EDIT: In case it wasn’t clear, this is somewhat tongue-in-cheek, and I consider Peter a personal friend.  No hostility whatsoever.

I consider it a great compliment (and I mean this in all sincerity) to be rebutted by someone as learned as Mr. Escalante, and, although perhaps not up to the British standard of deft, white-gloved refutations, he has been as gentlemanly as I could wish.  However, as I posted over there in an initial reaction comment, his whole undertaking seems to have been somewhat misdirected, in that he constructed his post as a refutation of my manifesto.  But of course, “Two Kingdoms or Two Cities” was not a manifesto, but was intended at least as some summary questions and objections to Wedgeworth’s manifesto.  The goal was to elicit clarification from the “decretist” camp, and Escalante’s reply has obliged with some very helpful clarifications.  However, by taking some of my brief and partial summary statements as a thorough explication of a position, he has, I think, mis-read and miscritiqued some of them.  Hopefully over the next couple weeks, I will be able to follow up on some of these points here, explain where I agree with his position (as I certainly do at many points, now that I’ve seen it stated so comprehensively) and clarify the points where I do not.  For now, a couple brief remarks (these excerpted almost verbatim from the comment I just posted over there):

One very brief point where he seem to have misunderstood me (understandably, as I hadn’t fleshed this out thoroughly in my original posts) regards the relationship of the “State” and the “City of Man.”  Peter say that I basically think “State=City of Man=Kingdom of Satan,” which he says is un-Augustinian. Well certainly that is un-Augustinian, but I never intended to make either of those equations. In the Civitas Dei, the State is as it were the most visible institutional representation of the City of Man, but it is not simply reducible to it…it’s much more complicated than that. “More complicated? Do elaborate,” he will certainly say, and I shall try to, but not just here and now. And of course the City of Man is not the “Kingdom of Satan” simpliciter…Despite his forceful emphasis on the all-corrupting influence of the libido dominandi, Augustine clearly held that human nature, although corrupted, was still intact, and so approximations to virtue and to civic and social good were still possible in the City of Man.

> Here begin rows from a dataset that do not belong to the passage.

(* Every domain-complete space is convergence Choquet-complete. Every LCS-complete space is compactly Choquet-complete.
   Context: A space is domain-complete (resp. LCS-complete) if it is homeomorphic to a $G_\delta$ subset (countable intersection of open sets), with the subspace topology, of some continuous dcpo with its Scott topology (resp. of some locally compact sober space, locally compact meaning every point has a neighborhood base of compact saturated sets). The strong Choquet game on a space $X$: players $\beta$ and $\alpha$ alternate; at round $n$, $\beta$ picks a point $x_n$ and an open neighborhood $V_n$ of $x_n$ with $V_n\subseteq U_{n-1}$ (when $n\ge1$), and then $\alpha$ picks an open set $U_n$ with $x_n\in U_n\subseteq V_n$; $\alpha$'s strategies may depend on the entire history of the play. $X$ is Choquet-complete if $\alpha$ has a strategy ensuring $\bigcap_n U_n\neq\emptyset$; convergence Choquet-complete if $\alpha$ has a strategy ensuring that $(U_n)_{n\in\mathbb N}$ is a base of open neighborhoods of some point; compactly Choquet-complete if $\alpha$ has a strategy ensuring that $(U_n)_{n\in\mathbb N}$ is a base of open neighborhoods of some non-empty compact saturated set (i.e. every open set containing that set contains some $U_n$, and the set is contained in every $U_n$). *)

theory Defs
  imports "HOL-Analysis.Analysis"
begin
(* The variety $\mathsf{V}(S_{(4,424)})$ is the ai-semiring variety defined by the identities $x^2y\approx xy$, $xyz\approx yxz$, $xy\approx xy+y$, $x+yz\approx yx+yz$.
   Context: An ai-semiring is an algebra $(S,+,\cdot)$ with $(S,+)$ a semilattice, $(S,\cdot)$ a semigroup, and both distributive laws. $\mathsf{V}(S)$ is the variety generated by $S$; "the ai-semiring variety defined by identities $\Sigma$" is the class of all ai-semirings satisfying $\Sigma$. $S_{(4,424)}$ has carrier $\{1,2,3,4\}$; addition: $x+x=x$, $2+x=x$, $1+x=1$ for all $x$, $3+4=1$; multiplication (row $a$, column $b$ gives $a\cdot b$): row $1$: $1,3,3,1$; row $2$: $1,2,3,4$; row $3$: $1,3,3,1$; row $4$: $1,3,3,1$. *)

theory Defs
  imports Main
begin

definition ai_semiring :: "'a set \<Rightarrow> ('a \<Rightarrow> 'a \<Rightarrow> 'a) \<Rightarrow> ('a \<Rightarrow> 'a \<Rightarrow> 'a) \<Rightarrow> bool" where
  "ai_semiring C p m \<longleftrightarrow>
     (\<forall>x\<in>C. \<forall>y\<in>C. p x y \<in> C \<and> m x y \<in> C) \<and>
     (\<forall>x\<in>C. \<forall>y\<in>C. \<forall>z\<in>C. p (p x y) z = p x (p y z)) \<and>
     (\<forall>x\<in>C. \<forall>y\<in>C. p x y = p y x) \<and>
     (\<forall>x\<in>C. p x x = x) \<and>
     (\<forall>x\<in>C. \<forall>y\<in>C. \<forall>z\<in>C. m (m x y) z = m x (m y z)) \<and>
     (\<forall>x\<in>C. \<forall>y\<in>C. \<forall>z\<in>C. m x (p y z) = p (m x y) (m x z)) \<and>
     (\<forall>x\<in>C. \<forall>y\<in>C. \<forall>z\<in>C. m (p x y) z = p (m x z) (m y z))"
theorem corollary5p10:
  fixes D N lw uw lo uo :: nat and rl ru :: "nat \<Rightarrow> nat" and S T :: "nat \<Rightarrow> int"
  assumes "D \<ge> 1" and "N \<ge> 1"
    and "\<forall>d\<in>{1..D}. rl d \<le> ru d \<and> ru d \<le> N"
    and "1 \<le> lw" and "lw \<le> D" and "1 \<le> lo" and "lo \<le> D"
    and "period_counters D N S T"
  shows "feasible_counters D N lw uw lo uo D D rl ru S T \<longleftrightarrow>
     (T 1 = 0
      \<and> (\<forall>d. 1 \<le> d \<and> d \<le> D - 1 \<longrightarrow>
            S d \<le> S (d + 1) \<and> T d \<le> T (d + 1) \<and> T (d + 1) \<le> S d \<and> S (d + 1) \<le> T d + int N)
      \<and> T lw = 0 \<and> S (D - lw + 1) = S D
      \<and> (\<forall>d. 1 \<le> d \<and> d + lw \<le> D \<longrightarrow> T (d + lw) \<le> S d)
      \<and> (\<forall>d. 1 \<le> d \<and> d + uw \<le> D \<longrightarrow> S d \<le> T (d + uw))
      \<and> S 1 = S lo \<and> T (D - lo + 1) = T D
      \<and> (\<forall>d. 1 \<le> d \<and> d + lo \<le> D \<longrightarrow> S (d + lo) - int N \<le> T d)
      \<and> (\<forall>d. 1 \<le> d \<and> d + uo \<le> D \<longrightarrow> T d + int N \<le> S (d + uo))
      \<and> (\<forall>d. 1 \<le> d \<and> d \<le> D \<longrightarrow> int (rl d) \<le> S d - T d \<and> S d - T d \<le> int (ru d)))"
  (is "?feasible \<longleftrightarrow> ?conditions")
proof
  assume ?feasible
  then obtain f where schedule: "feasible_schedule D N lw uw lo uo D D rl ru f"
    and "represents D N f S T"
    unfolding feasible_counters_def by blast
  then interpret represented_schedule D N f S T by unfold_locales
  note lengths = feasible_scheduleD(2-5)[OF schedule]
  have "\<forall>d. 1 \<le> d \<and> d \<le> D - 1 \<longrightarrow>
      S d \<le> S (d + 1) \<and> T d \<le> T (d + 1) \<and> T (d + 1) \<le> S d \<and> S (d + 1) \<le> T d + int N"
    using counter_step assms(1) by (simp add: le_diff_conv2)
  moreover have "\<forall>d. 1 \<le> d \<and> d \<le> D \<longrightarrow> int (rl d) \<le> S d - T d \<and> S d - T d \<le> int (ru d)"
    using S_minus_T_eq_on_duty feasible_scheduleD(1)[OF schedule] by simp
  moreover have "T lw = 0" using lengths(1) assms(4,5) by (rule T_lw_eq_0)
  moreover have "S (D - lw + 1) = S D" using lengths(1) assms(4,5) by (rule S_D_minus_lw_eq_S_D)
  moreover have "\<forall>d. 1 \<le> d \<and> d + lw \<le> D \<longrightarrow> T (d + lw) \<le> S d"
    using lengths(1) by (auto intro: T_plus_lw_le_S)
  moreover have "\<forall>d. 1 \<le> d \<and> d + uw \<le> D \<longrightarrow> S d \<le> T (d + uw)"
    using lengths(2) by (auto intro: S_le_T_plus_uw)
  moreover have "S 1 = S lo" using lengths(3) assms(6,7) by (rule S_1_eq_S_lo)
  moreover have "T (D - lo + 1) = T D" using lengths(3) assms(6,7) by (rule T_D_minus_lo_eq_T_D)
  moreover have "\<forall>d. 1 \<le> d \<and> d + lo \<le> D \<longrightarrow> S (d + lo) - int N \<le> T d"
    using lengths(3) by (auto intro: S_plus_lo_minus_N_le_T)
  moreover have "\<forall>d. 1 \<le> d \<and> d + uo \<le> D \<longrightarrow> T d + int N \<le> S (d + uo)"
    using lengths(4) by (auto intro: T_plus_N_le_S_plus_uo)
  ultimately show ?conditions using T_1_eq_0[OF assms(1)] by blast
next
  assume conditions: ?conditions
  then have on_duty: "\<And>d. 1 \<le> d \<Longrightarrow> d \<le> D \<Longrightarrow> int (rl d) \<le> S d - T d \<and> S d - T d \<le> int (ru d)"
    by blast
  have "T d \<le> S d" if "1 \<le> d" "d \<le> D" for d using on_duty[OF that] by linarith
  moreover have "S 1 \<le> int N"
    using on_duty[of 1] assms(1) bspec[OF assms(3), of 1] conditions[THEN conjunct1] by simp
  ultimately interpret counter_conditions D N lw uw lo uo S T
    using conditions assms by unfold_locales (simp_all add: le_diff_conv2)
  show ?feasible using on_duty by (rule feasible_counters_round_robin)
qed
theorem theorem1:
  shows "(\<forall>(f :: 'a ivec \<Rightarrow> real) (es :: 'a list) (k :: nat) (\<alpha> :: real).
            distinct es \<and> es \<noteq> [] \<and> 0 < k \<and> 0 < \<alpha> \<and> \<alpha> < 1 \<and>
            nonneg_on (set es) f \<and> dr_submodular (set es) f \<longrightarrow>
              drsmc_feasible (set es) k (fst (fastdrsub f es k \<alpha>)) \<and>
              f (fst (fastdrsub f es k \<alpha>))
                \<ge> drsmc_opt (set es) k f / (8 * ((2 - \<alpha>) / (1 - \<alpha>)) + 1 / \<alpha>))
       \<and> (\<exists>C :: real. \<forall>(f :: 'a ivec \<Rightarrow> real) (es :: 'a list) (k :: nat) (\<alpha> :: real).
            distinct es \<and> es \<noteq> [] \<and> 0 < k \<and> 0 < \<alpha> \<and> \<alpha> < 1 \<and>
            nonneg_on (set es) f \<and> dr_submodular (set es) f \<longrightarrow>
              real (snd (fastdrsub f es k \<alpha>)) \<le> C * real (length es) * (1 + ln (real k)))
       \<and> (let \<alpha> = (2 * sqrt 2 - 1) / 7 :: real
          in 1 / (8 * ((2 - \<alpha>) / (1 - \<alpha>)) + 1 / \<alpha>) = 1 / (17 + 4 * sqrt 2))"
proof (intro conjI allI impI exI[of _ "16 :: real"], goal_cases)
  case (1 f es k \<alpha>)
  then interpret fastdrsub_setting "set es" f k \<alpha>
    by unfold_locales auto
  from 1 show ?case
    by (intro fastdrsub_feasible) auto
next
  case (2 f es k \<alpha>)
  then interpret fastdrsub_setting "set es" f k \<alpha>
    by unfold_locales auto
  from 2 show ?case
    by (intro fastdrsub_ratio) auto
next
  case (3 f es k \<alpha>)
  then show ?case
    by (intro fastdrsub_queries) auto
next
  case 4
  show ?case
    by (rule ratio_at_optimal_alpha)
qed
(* Let $n \equiv 3 \pmod 4$, $\ell = (n+1)/4$, $A = \{(a,b) \in 2^{[n]}\times 2^{[n]} \mid |a| = |b| = \ell,\ |a\cap b| = 0\}$ and $B = \{(a,b) \in 2^{[n]}\times 2^{[n]} \mid |a| = |b| = \ell,\ |a\cap b| = 1\}$. Let $\mu$ be any probability distribution on pairs $(a,b)$ of subsets of $[n]$ supported on $A\cup B$ and uniform when conditioned on $A$ and when conditioned on $B$. Let $f, g$ be nonnegative functions on $2^{[n]}$ and let $X = f(a)g(b)$ with $(a,b)\sim\mu$. Then for every $0 < \epsilon < 1$, \[ (1-\epsilon)\,\mathbb{E}[X \mid A] - \mathbb{E}[X \mid B] \leqslant \|X\restriction(A\cup B)\|_\infty \, 2^{-\frac{\epsilon^2}{16\ln 2}\ell + O(\log \ell)}, \] where the constant in $O(\log\ell)$ is absolute and $X \restriction (A\cup B)$ denotes the function $(a,b)\mapsto f(a)g(b)$ restricted to $A \cup B$. *)

theory Defs
  imports "HOL-Probability.Probability"
begin

definition pairs_meet :: "nat \<Rightarrow> nat \<Rightarrow> nat \<Rightarrow> (nat set \<times> nat set) set" where
  "pairs_meet n l k = {(a, b). a \<subseteq> {1..n} \<and> b \<subseteq> {1..n} \<and> card a = l \<and> card b = l
                          \<and> card (a \<inter> b) = k}"

end

theory Submission
  imports Defs "HOL-Analysis.Harmonic_Numbers"
begin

More importantly, and more intriguingly, as I read Peter’s final section, where he dissect the points where I claim “Church” and “State” are in competition, it struck me that the key difference may lie at a rather different point (or is best seen from a different angle) than where he seemed to be putting it. My main concern, I think, revolves around the relationship of “natural law” and evangelical law, to try (probably unsuccessfully) to put it in a nutshell. It’s a question of ethics.


Basically, I am uncomfortable at the way the Reformers tried to rebut the Catholic distinction between the commands and the counsels of perfection. The Anabaptists absolutized the counsels of perfection into a new legalism…that can’t be right. But the magisterial Reformers responded by basically dissolving away the counsels of perfection, and blunting the hard, radical edge of Christian ethics to subsume it back into the changeless categories of the old moral law, the “natural law,” etc. That’s what rubs me the wrong way. And so in saying “the Church” responds to enemies in a certain way, or cares for the weak in a certain way, I’m contending that Christians are to be visible as a community with a social ethics that is not simply expressed in the laws of political justice.

Of course, Peter will reply that this just proves I’m Anabaptist.  But, I contend that I am not simply ruling out the ethics of the political realm as something to be entirely shunned by and excluded from the Christian community. Rather, the political remains a part of the life of the Christian people, but is always being challenged, pushed, and prodded by an evangelical ethics that remains ever dissatisfied with merely natural political justice. Now, of course, I’m just sounding like O’Donovan, and not far from Peter at all, so this can’t be all I really intend to say…obviously, I have a more radical agenda than that, right? Yes, probably so. And I’ll try to uncover the contours of that over the next few weeks.